- _Problem description_
Retyping the data exactly is the task. Include every line.

- _Extracted records_
(* A smooth cubic surface over $\mathbb{Q}$ that does not contain three pairwise disjoint lines defined over $\mathbb{Q}$ cannot contain exactly six lines defined over $\mathbb{Q}$.
   Context: A line on the surface is defined over $\mathbb{Q}$ if it is cut out by linear forms with rational coefficients and is contained in the surface. *)

theory Defs
  imports Complex_Main
begin

text \<open>Points of affine 4-space over the complex numbers (an algebraically closed
field containing the rationals) are modelled as functions nat => complex that
vanish outside the indices 0..3; projective points are the nonzero ones.
A cubic form over Q is given by rational coefficients c i j k (i,j,k < 4):
F(x) = sum_{i,j,k<4} c i j k * x_i x_j x_k.  Every cubic form arises this way.\<close>

definition pt4 :: "(nat \<Rightarrow> complex) \<Rightarrow> bool" where
  "pt4 x \<longleftrightarrow> (\<forall>i\<ge>4. x i = 0)"

definition zero4 :: "nat \<Rightarrow> complex" where
  "zero4 = (\<lambda>_. 0)"

definition cubic_eval :: "(nat \<Rightarrow> nat \<Rightarrow> nat \<Rightarrow> rat) \<Rightarrow> (nat \<Rightarrow> complex) \<Rightarrow> complex" where
  "cubic_eval c x = (\<Sum>i<4. \<Sum>j<4. \<Sum>k<4. of_rat (c i j k) * x i * x j * x k)"

definition cubic_deriv :: "(nat \<Rightarrow> nat \<Rightarrow> nat \<Rightarrow> rat) \<Rightarrow> nat \<Rightarrow> (nat \<Rightarrow> complex) \<Rightarrow> complex" where
  "cubic_deriv c m x = (\<Sum>i<4. \<Sum>j<4. \<Sum>k<4. of_rat (c i j k) *
      ((if i = m then 1 else 0) * x j * x k + x i * (if j = m then 1 else 0) * x k
       + x i * x j * (if k = m then 1 else 0)))"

- _Final answer_
(* A smooth cubic surface over $\mathbb{Q}$ that does not contain three pairwise disjoint lines defined over $\mathbb{Q}$ cannot contain exactly six lines defined over $\mathbb{Q}$.
   Context: A line on the surface is defined over $\mathbb{Q}$ if it is cut out by linear forms with rational coefficients and is contained in the surface. *)

theory Defs
  imports Complex_Main
begin

text \<open>Points of affine 4-space over the complex numbers (an algebraically closed
field containing the rationals) are modelled as functions nat => complex that
vanish outside the indices 0..3; projective points are the nonzero ones.
A cubic form over Q is given by rational coefficients c i j k (i,j,k < 4):
F(x) = sum_{i,j,k<4} c i j k * x_i x_j x_k.  Every cubic form arises this way.\<close>

definition pt4 :: "(nat \<Rightarrow> complex) \<Rightarrow> bool" where
  "pt4 x \<longleftrightarrow> (\<forall>i\<ge>4. x i = 0)"

definition zero4 :: "nat \<Rightarrow> complex" where
  "zero4 = (\<lambda>_. 0)"

definition cubic_eval :: "(nat \<Rightarrow> nat \<Rightarrow> nat \<Rightarrow> rat) \<Rightarrow> (nat \<Rightarrow> complex) \<Rightarrow> complex" where
  "cubic_eval c x = (\<Sum>i<4. \<Sum>j<4. \<Sum>k<4. of_rat (c i j k) * x i * x j * x k)"

definition cubic_deriv :: "(nat \<Rightarrow> nat \<Rightarrow> nat \<Rightarrow> rat) \<Rightarrow> nat \<Rightarrow> (nat \<Rightarrow> complex) \<Rightarrow> complex" where
  "cubic_deriv c m x = (\<Sum>i<4. \<Sum>j<4. \<Sum>k<4. of_rat (c i j k) *
      ((if i = m then 1 else 0) * x j * x k + x i * (if j = m then 1 else 0) * x k
       + x i * x j * (if k = m then 1 else 0)))"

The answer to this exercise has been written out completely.